Maxis’ studio head, Lucy Bradshaw, has told both Polygon and Kotaku that [Sim City] “offload a significant amount of the calculations to our servers”, and that it would take “a significant amount of engineering work from our team to rewrite the game” for single player. A SimCity developer has got in touch with RPS to tell us that at least the first of these statements is not true. He claimed that the server is not handling calculations for non-social aspects of running the game, and that engineering a single-player mode would require minimal effort.

SimCity's spent much of the last week in a state of near-unusability. If the source is telling the truth, it means that EA could have fixed it, but instead preferred to keep it broken, with customers locked out and lied to, all to maintain the credibility of its DRM system.

That SimCity was built to require "server-side calculations" was daft to begin with. Expecting players to believe this setup is instrinstic to the game rather than merely a DRM hook? Pull the other one, it's got a dongle on it!



  1. EA are clever bastards though.

    I’d like to boycott them, but after noticing that over half of the games I own are either published or owned by EA it reduces the pool a little.

    Even the new SimCity, which I’ve been waiting for for a decade, is requiring quite a lot of will power to avoid, and it doesn’t even work properly.

    *Shakes fist at EA*

    1. I find it quite easy to boycott EA, as they tend to turn the IPs I care about into steaming piles of crap.

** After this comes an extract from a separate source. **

(* Let $d_H$ be an $H$-metric on $\chi$ with parameter $\gamma$. Then GD-$k$ with rate $r=\frac{1}{\gamma k^2}$ is $(4mk+k^2)\gamma$-competitive for $k$-MPMD on $(\chi,d_H)$: for every instance $\sigma$ with $m$ requests (and for every way of making the arbitrary choices in the algorithm), the total cost of the perfect $k$-way matching output by GD-$k$ is at most $(4mk+k^2)\gamma\cdot\mathcal{OPT}(\sigma)$.
   Context: $k\ge2$. An $H$-metric with parameter $\gamma$ (integer, $1\le\gamma\le k-1$) is a map $d_H:\chi^k\to[0,\infty)$ that is invariant under permutation of its arguments, is zero iff all arguments are equal, satisfies $d_H(p_1,\ldots,p_k)\le d_H(p_1,\ldots,p_i,a,\ldots,a)+d_H(a,\ldots,a,p_{i+1},\ldots,p_k)$ for all $p_j,a\in\chi$ and $i\in\{1,\dots,k\}$ (with $k-i$, resp. $i$, copies of $a$), and satisfies: $d_H(p)\le d_H(p')$ whenever the set of distinct entries of $p$ is a proper subset of that of $p'$, and $d_H(p)\le\gamma d_H(p')$ whenever these sets are equal. $k$-MPMD: an instance is $\sigma=(V,\mathrm{atime},\mathrm{pos})$ with $V=\{u_1,\ldots,u_m\}$ ($m$ a multiple of $k$), nondecreasing arrival times $\mathrm{atime}:V\to\mathbb R_{\ge0}$ and positions $\mathrm{pos}:V\to\chi$; requests arrive over time and an online algorithm must partition $V$ into $k$-element groups (a perfect $k$-way matching), forming a group $\{v_1,\ldots,v_k\}$ of arrived, unmatched requests at some time $\tau$ at cost $d_H(\mathrm{pos}(v_1),\ldots,\mathrm{pos}(v_k))+\sum_{i=1}^k(\tau-\mathrm{atime}(v_i))$. $\mathcal{OPT}(\sigma)$ is the minimum, over all perfect $k$-way matchings $\mathcal M$ of $V$, of $\sum_{F\in\mathcal M}\big(d_H(\mathrm{pos}(F))+\sum_{v\in F}(\max_{u\in F}\mathrm{atime}(u)-\mathrm{atime}(v))\big)$. The metric $d$ on $\chi$ is $d(p,q):=d_H(p,q,\ldots,q)+d_H(q,p,\ldots,p)$ (first argument once, second $k-1$ times); for distinct requests, $\mathrm{opt\text{-}cost}(\{u,w\}):=d(\mathrm{pos}(u),\mathrm{pos}(w))+|\mathrm{atime}(u)-\mathrm{atime}(w)|$; $\delta(S)$ is the set of pairs of distinct requests with exactly one element in $S$. Algorithm GD-$k$ (Greedy Dual for $k$-MPMD) runs in continuous time from $0$. It maintains: a partition of the already-arrived requests into "active sets" ($A(v)$ denotes the active set containing $v$); a family $\mathcal M$ of disjoint $k$-element sets of requests (the groups matched so far); a request is free if it lies in no set of $\mathcal M$, and $\mathrm{free}(S)$ is the set of free requests of $S$; and dual values $y_S(\tau)\ge0$ for $S\subseteq V$, all initially $0$. When a request $v$ arrives, $A(v):=\{v\}$ is created. At every moment, for each active set $S$ with $\mathrm{free}(S)\ne\emptyset$, $y_S$ increases continuously at rate $r$; all other $y_S$ stay constant. Whenever a pair $e=\{u,w\}$ of arrived requests with $A(u)\ne A(w)$ becomes tight, i.e. $\sum_{S:e\in\delta(S)}y_S=\frac{1}{\gamma k^2}\mathrm{opt\text{-}cost}(e)$, the algorithm replaces $A(u)$ and $A(w)$ by the single active set $S=A(u)\cup A(w)$, marks $e$, and, while $|\mathrm{free}(S)|\ge k$, chooses arbitrarily $k$ free requests of $S$ and adds them as a group to $\mathcal M$ (they are matched at the current time). *)

theory Defs
  imports Complex_Main "HOL-Library.Multiset"
begin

      1. Yeah, it’s not uncommon that the best version of some game was the one put out right before the company was acquired by EA.

    2. Tropico 4 went on sale for a week at Steam. Picketd it up with all DLC for only $10. Getting my empire-building fix in, and probably have a bigger island than SimCity’s square mile of “fun.” :)

  2. DRM isn’t even the worst part of the game anymore. As millions of nerds have spent days banging away at the engine trying to figure out how it works, fundamental flaws have been discovered that reveal how the bulk of SimCity is a bunch of smoke and mirrors.

    The game lies about population, pathfinding is atrocious, agents are about as intelligent as a coin sorting machine, freight trucks “lose” resources in certain situations, and mass transit is a complete crapshoot.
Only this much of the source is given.